### WHAT IS EXPECTED
One range is to be output from the listing below, exactly as written: the line with "< k \<Longrightarrow>" to the line with "by (metis nth_vadd)", both kept.
---+---
text \<open>
  Select every index \<open>i < 2^\<kappa>\<close> independently, with probability \<open>1 - \<epsilon>^(n q\<^sub>i)\<close>.
  Since \<open>\<Sum> q\<^sub>i = 1\<close>, the probability that all selected vectors \<open>\<nu>(i)\<close> lie in a subspace
  \<open>S\<close> is \<open>\<Prod>\<^bsub>\<nu>(i) \<notin> S\<^esub> \<epsilon>^(n q\<^sub>i) = \<phi>(S)\<close>. Grouping the outcomes by the span \<open>T\<close> of the
  selected vectors writes \<open>\<phi>(S)\<close> as the sum over subspaces \<open>T \<subseteq> S\<close> of the probability
  that the span is exactly \<open>T\<close>; the recursion defining \<open>\<psi>\<close> is exactly the Moebius
  inversion of this sum, so \<open>\<psi>(S)\<close> is the probability that the span equals \<open>S\<close>.
\<close>

subsection \<open>Linear algebra over GF(2)\<close>

lemma finite_W: "finite (W k)"
proof -
  have "W k = {xs. set xs \<subseteq> (UNIV :: bool set) \<and> length xs = k}"
    by (auto simp: W_def)
  then show ?thesis
    using finite_lists_length_eq[of "UNIV :: bool set" k] by simp
qed

lemma subspace2_W: "subspace2 k (W k)"
  by (auto simp: subspace2_def W_def zerov_def vadd_def)

lemma nu_in_W: "nu k i \<in> W k"
  by (simp add: nu_def W_def)

lemma subspace2_finite: "subspace2 k S \<Longrightarrow> finite S"
  using finite_W finite_subset by (auto simp: subspace2_def)

lemma subspace2_length: "subspace2 k S \<Longrightarrow> v \<in> S \<Longrightarrow> length v = k"
  by (auto simp: subspace2_def W_def)

lemma length_vadd [simp]: "length (vadd u v) = min (length u) (length v)"
  by (simp add: vadd_def)

lemma nth_vadd: "j < length u \<Longrightarrow> j < length v \<Longrightarrow> vadd u v ! j = (u ! j \<noteq> v ! j)"
  by (simp add: vadd_def)

lemma length_vsum [simp]: "length (vsum k A) = k"
  by (simp add: vsum_def)

lemma nth_vsum: "j < k \<Longrightarrow> vsum k A ! j = odd (card {v \<in> A. v ! j})"
  by (simp add: vsum_def)

lemma length_zerov [simp]: "length (zerov k) = k"
  by (simp add: zerov_def)

lemma vadd_self: "length a = k \<Longrightarrow> vadd a a = zerov k"
  by (rule nth_equalityI) (auto simp: nth_vadd zerov_def)

lemma vadd_left_cancel:
  assumes "length a = k" "length b = k" "length c = k" "vadd a b = vadd a c"
  shows "b = c"
proof (rule nth_equalityI)
  fix j assume "j < length b"
  with assms have "(a ! j \<noteq> b ! j) = (a ! j \<noteq> c ! j)"
    by (metis nth_vadd)
  then show "b ! j = c ! j" by blast
qed (use assms in simp)

lemma vsum_empty: "vsum k {} = zerov k"
  by (simp add: vsum_def zerov_def map_replicate_const)

lemma vsum_singleton: "length x = k \<Longrightarrow> vsum k {x} = x"
proof (rule nth_equalityI)
  fix j assume "length x = k" "j < length (vsum k {x})"
  moreover have "{v \<in> {x}. v ! j} = (if x ! j then {x} else {})" by auto
  ultimately show "vsum k {x} ! j = x ! j" by (simp add: nth_vsum)
qed simp

lemma vsum_Un_disjoint:
  assumes "finite A" "finite C" "A \<inter> C = {}"
  shows "vsum k (A \<union> C) = vadd (vsum k A) (vsum k C)"
proof (rule nth_equalityI)
  fix j assume "j < length (vsum k (A \<union> C))"
  then have j: "j < k" by simp
  have "{v \<in> A \<union> C. v ! j} = {v \<in> A. v ! j} \<union> {v \<in> C. v ! j}" by auto
  then have "card {v \<in> A \<union> C. v ! j} = card {v \<in> A. v ! j} + card {v \<in> C. v ! j}"
    using assms by (simp add: card_Un_disjoint disjoint_iff)
  then show "vsum k (A \<union> C) ! j = vadd (vsum k A) (vsum k C) ! j"
    using j by (simp add: nth_vsum nth_vadd)
qed simp

lemma vsum_insert:
  assumes "finite A" "x \<notin> A" "length x = k"
  shows "vsum k (insert x A) = vadd x (vsum k A)"
  using vsum_Un_disjoint[of "{x}" A k] assms by (simp add: vsum_singleton)

lemma vsum_in_subspace2:
  assumes "subspace2 k S" "finite A" "A \<subseteq> S"
  shows "vsum k A \<in> S"
  using assms(2,3)
proof (induction A rule: finite_induct)
  case empty
  then show ?case using assms(1) by (simp add: vsum_empty subspace2_def)
next
  case (insert x A)
  then have "x \<in> S" "vsum k A \<in> S" by auto
  then show ?case
    using insert assms(1) by (simp add: vsum_insert subspace2_length) (simp add: subspace2_def)
qed

text \<open>Two subsets of \<open>B\<close> with equal sums: cancelling the common part leaves
  \<open>vsum (A - A') = vsum (A' - A)\<close>, so the symmetric difference sums to zero.\<close>

lemma inj_on_vsum_Pow:
  assumes "indep2 k B" "finite B"
  shows "inj_on (vsum k) (Pow B)"
proof (rule inj_onI)
  fix A A' assume A: "A \<in> Pow B" and A': "A' \<in> Pow B" and eq: "vsum k A = vsum k A'"
  have fin: "finite X" if "X \<subseteq> B" for X using assms(2) that finite_subset by blast
  have vsum_split: "vsum k X = vadd (vsum k (X \<inter> Y)) (vsum k (X - Y))"
    if "X \<subseteq> B" "Y \<subseteq> B" for X Y
  proof -
    have "vsum k X = vsum k ((X \<inter> Y) \<union> (X - Y))" by (simp add: Int_Diff_Un)
    also have "\<dots> = vadd (vsum k (X \<inter> Y)) (vsum k (X - Y))"
      using that fin by (intro vsum_Un_disjoint) auto
    finally show ?thesis .
  qed
  have "vadd (vsum k (A \<inter> A')) (vsum k (A - A')) = vadd (vsum k (A \<inter> A')) (vsum k (A' - A))"
    using vsum_split[of A A'] vsum_split[of A' A] A A' eq by (simp add: Int_commute)
  then have "vsum k (A - A') = vsum k (A' - A)"
    by (rule vadd_left_cancel[rotated 3]) simp_all
  then have "vsum k ((A - A') \<union> (A' - A)) = zerov k"
    using A A' fin by (subst vsum_Un_disjoint) (auto intro: vadd_self)
  moreover have "(A - A') \<union> (A' - A) \<subseteq> B" using A A' by auto
  ultimately have "(A - A') \<union> (A' - A) = {}"
    using assms(1) unfolding indep2_def by blast
  then show "A = A'" by blast
qed

lemma card_basis2:
  assumes "is_basis2 k S B"
  shows "card S = 2 ^ card B"
proof -
  have "S = vsum k ` Pow B"
    using assms by (auto simp: is_basis2_def span2_def)
  then have "card S = card (Pow B)"
    using inj_on_vsum_Pow[of k B] assms by (simp add: is_basis2_def card_image)
  then show ?thesis
    using assms by (simp add: is_basis2_def card_Pow)
qed

lemma indep2_insert:
  assumes "indep2 k B" "finite B" "length v = k" "v \<notin> span2 k B"
  shows "indep2 k (insert v B)"
  unfolding indep2_def
proof (intro allI impI)
  fix A assume A: "A \<subseteq> insert v B" "A \<noteq> {}"
  show "vsum k A \<noteq> zerov k"
  proof (cases "v \<in> A")
    case False
    then show ?thesis using A assms(1) unfolding indep2_def by blast
  next
    case True
    have "finite (A - {v})" using A assms(2) finite_subset by blast
    then have sum_A: "vsum k A = vadd v (vsum k (A - {v}))"
      using vsum_insert[of "A - {v}" v k] True assms(3) by (simp add: insert_absorb)
    have "A - {v} \<subseteq> B" using A by auto
    then have "vsum k (A - {v}) \<in> span2 k B" by (auto simp: span2_def)
    then have ne: "vsum k (A - {v}) \<noteq> v" using assms(4) by auto
    show ?thesis
    proof
      assume "vsum k A = zerov k"
      then have "vadd v (vsum k (A - {v})) = vadd v v"
        using sum_A vadd_self[OF assms(3)] by simp
      then have "vsum k (A - {v}) = v"
        by (rule vadd_left_cancel[OF assms(3) length_vsum assms(3)])
      with ne show False ..
    qed
  qed
qed

text \<open>A maximal independent subset of \<open>S\<close> spans \<open>S\<close>, by \<open>indep2_insert\<close>.\<close>

lemma ex_basis2:
  assumes S: "subspace2 k S"
  shows "\<exists>B. is_basis2 k S B"
proof -
  let ?F = "{B. B \<subseteq> S \<and> indep2 k B}"
  have fin: "finite (card ` ?F)" using subspace2_finite[OF S] by simp
  have "{} \<in> ?F" by (simp add: indep2_def)
  then obtain B where B: "B \<in> ?F" and card_B: "card B = Max (card ` ?F)"
    using Max_in[OF fin] by (metis (no_types, lifting) empty_iff image_iff)
  have max: "card B' \<le> card B" if "B' \<in> ?F" for B'
    unfolding card_B using Max_ge[OF fin] that by blast
  have finB: "finite B" using B subspace2_finite[OF S] finite_subset by auto
  have "span2 k B \<subseteq> S"
    using B finB S by (auto simp: span2_def intro!: vsum_in_subspace2 dest: finite_subset)
  moreover have "v \<in> span2 k B" if v: "v \<in> S" for v
  proof (rule ccontr)
    assume nv: "v \<notin> span2 k B"
    have lv: "length v = k" using S v by (rule subspace2_length)
    have "v \<notin> B"
    proof
      assume "v \<in> B"
      then have "vsum k {v} \<in> span2 k B" by (auto simp: span2_def)
      then show False using nv vsum_singleton[OF lv] by simp
    qed
    have "insert v B \<in> ?F"
      using B v indep2_insert[OF _ finB lv nv] by auto
    then show False
      using max[of "insert v B"] \<open>v \<notin> B\<close> finB by simp
  qed
  ultimately show ?thesis using B finB by (auto simp: is_basis2_def)
qed

lemma card_subspace2:
  assumes "subspace2 k S"
  shows "card S = 2 ^ dim2 k S"
  using card_basis2 someI_ex[OF ex_basis2[OF assms]] unfolding dim2_def by blast

lemma dim2_strict_mono:
  assumes "subspace2 k S" "subspace2 k T" "T \<subset> S"
  shows "dim2 k T < dim2 k S"
proof -
  have "card T < card S"
    using assms subspace2_finite psubset_card_mono by blast
  then show ?thesis using assms by (simp add: card_subspace2)
qed

definition subspace2_hull :: "nat \<Rightarrow> bool list set \<Rightarrow> bool list set" where
  "subspace2_hull k X = \<Inter>{T. subspace2 k T \<and> X \<subseteq> T}"

lemma finite_subspaces2_subset: "subspace2 k S \<Longrightarrow> finite {T. subspace2 k T \<and> T \<subseteq> S}"
  by (rule finite_subset[of _ "Pow S"]) (auto dest: subspace2_finite)

lemma subspace2_hull:
  assumes "X \<subseteq> W k"
  shows "subspace2 k (subspace2_hull k X)"
proof -
  have "W k \<in> {T. subspace2 k T \<and> X \<subseteq> T}" using assms subspace2_W by auto
  then show ?thesis unfolding subspace2_def subspace2_hull_def by (auto simp: subspace2_def)
qed

lemma subspace2_hull_subset_iff:
  "subspace2 k S \<Longrightarrow> subspace2_hull k X \<subseteq> S \<longleftrightarrow> X \<subseteq> S"
  unfolding subspace2_hull_def by blast

subsection \<open>The recursion for \<open>\<psi>\<close> as Moebius inversion\<close>

lemma psi_aux_eq_if_phi_sum:
  assumes phi: "\<And>S. subspace2 k S \<Longrightarrow> phi k S n \<epsilon> q = (\<Sum>T | subspace2 k T \<and> T \<subseteq> S. g T)"
  shows "subspace2 k S \<Longrightarrow> dim2 k S \<le> m \<Longrightarrow> psi_aux k m S n \<epsilon> q = g S"
proof (induction m arbitrary: S)
  case 0
  then have "{T. subspace2 k T \<and> T \<subseteq> S} = {S}"
    using dim2_strict_mono[OF 0(1)] by fastforce
  then show ?case using phi[OF 0(1)] by simp
next
  case (Suc m)
  let ?Sub = "{T. subspace2 k T \<and> T \<subseteq> S}"
  have fin: "finite ?Sub" using Suc(2) by (rule finite_subspaces2_subset)
  have proper_dim: "dim2 k T < dim2 k S" if "T \<in> ?Sub - {S}" for T
    using that dim2_strict_mono[OF Suc(2)] by blast
  have "(\<Sum>i<dim2 k S. \<Sum>T\<in>Xi k S i. psi_aux k m T n \<epsilon> q)
      = (\<Sum>i<dim2 k S. \<Sum>T | T \<in> ?Sub - {S} \<and> dim2 k T = i. g T)"
  proof (rule sum.cong[OF refl])
    fix i assume i: "i \<in> {..<dim2 k S}"
    then have "Xi k S i = {T. T \<in> ?Sub - {S} \<and> dim2 k T = i}"
      by (auto simp: Xi_def)
    then show "(\<Sum>T\<in>Xi k S i. psi_aux k m T n \<epsilon> q) = (\<Sum>T | T \<in> ?Sub - {S} \<and> dim2 k T = i. g T)"
      using Suc i by (intro sum.cong Suc.IH) auto
  qed
  also have "\<dots> = (\<Sum>T\<in>?Sub - {S}. g T)"
    using proper_dim fin by (intro sum.group) auto
  also have "\<dots> = phi k S n \<epsilon> q - g S"
    using phi[OF Suc(2)] sum.remove[OF fin, of S g] Suc(2) by simp
  finally show ?case by simp
qed

subsection \<open>\<open>\<phi>\<close> as a probability of random selections\<close>

definition powr0 :: "real \<Rightarrow> real \<Rightarrow> real" where
  "powr0 x y = (if x = 0 \<and> y = 0 then 1 else x powr y)"

lemma phi_eq_powr0: "phi k S n \<epsilon> q = powr0 \<epsilon> (real n * (1 - zeta k S q))"
  by (simp add: phi_def powr0_def Let_def)

lemma powr0_add: "0 \<le> a \<Longrightarrow> 0 \<le> b \<Longrightarrow> powr0 x (a + b) = powr0 x a * powr0 x b"
  by (auto simp: powr0_def powr_add)

lemma powr0_sum:
  "finite K \<Longrightarrow> (\<And>i. i \<in> K \<Longrightarrow> 0 \<le> c i) \<Longrightarrow> powr0 x (sum c K) = (\<Prod>i\<in>K. powr0 x (c i))"
  by (induction K rule: finite_induct) (auto simp: powr0_add sum_nonneg, simp add: powr0_def)

lemma powr0_bounds:
  assumes "0 \<le> x" "x \<le> 1" "0 \<le> y"
  shows "0 \<le> powr0 x y" "powr0 x y \<le> 1"
  using assms by (auto simp: powr0_def intro: powr_le1)

lemma one_minus_zeta:
  assumes "(\<Sum>i<2 ^ k. q i) = 1"
  shows "1 - zeta k S q = (\<Sum>i | i < 2 ^ k \<and> nu k i \<notin> S. q i)"
proof -
  have "{..<2 ^ k} = {i. i < 2 ^ k \<and> nu k i \<in> S} \<union> {i. i < 2 ^ k \<and> nu k i \<notin> S}" by auto
  then have "(\<Sum>i<2 ^ k. q i) = zeta k S q + (\<Sum>i | i < 2 ^ k \<and> nu k i \<notin> S. q i)"
    unfolding zeta_def by (simp only:) (rule sum.union_disjoint; auto)
  then show ?thesis using assms by simp
qed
---+---
### ANSWER SECTION
lemma nth_vsum: "j < k \<Longrightarrow> vsum k A ! j = odd (card {v \<in> A. v ! j})"
  by (simp add: vsum_def)

lemma length_zerov [simp]: "length (zerov k) = k"
  by (simp add: zerov_def)

lemma vadd_self: "length a = k \<Longrightarrow> vadd a a = zerov k"
  by (rule nth_equalityI) (auto simp: nth_vadd zerov_def)

lemma vadd_left_cancel:
  assumes "length a = k" "length b = k" "length c = k" "vadd a b = vadd a c"
  shows "b = c"
proof (rule nth_equalityI)
  fix j assume "j < length b"
  with assms have "(a ! j \<noteq> b ! j) = (a ! j \<noteq> c ! j)"
    by (metis nth_vadd)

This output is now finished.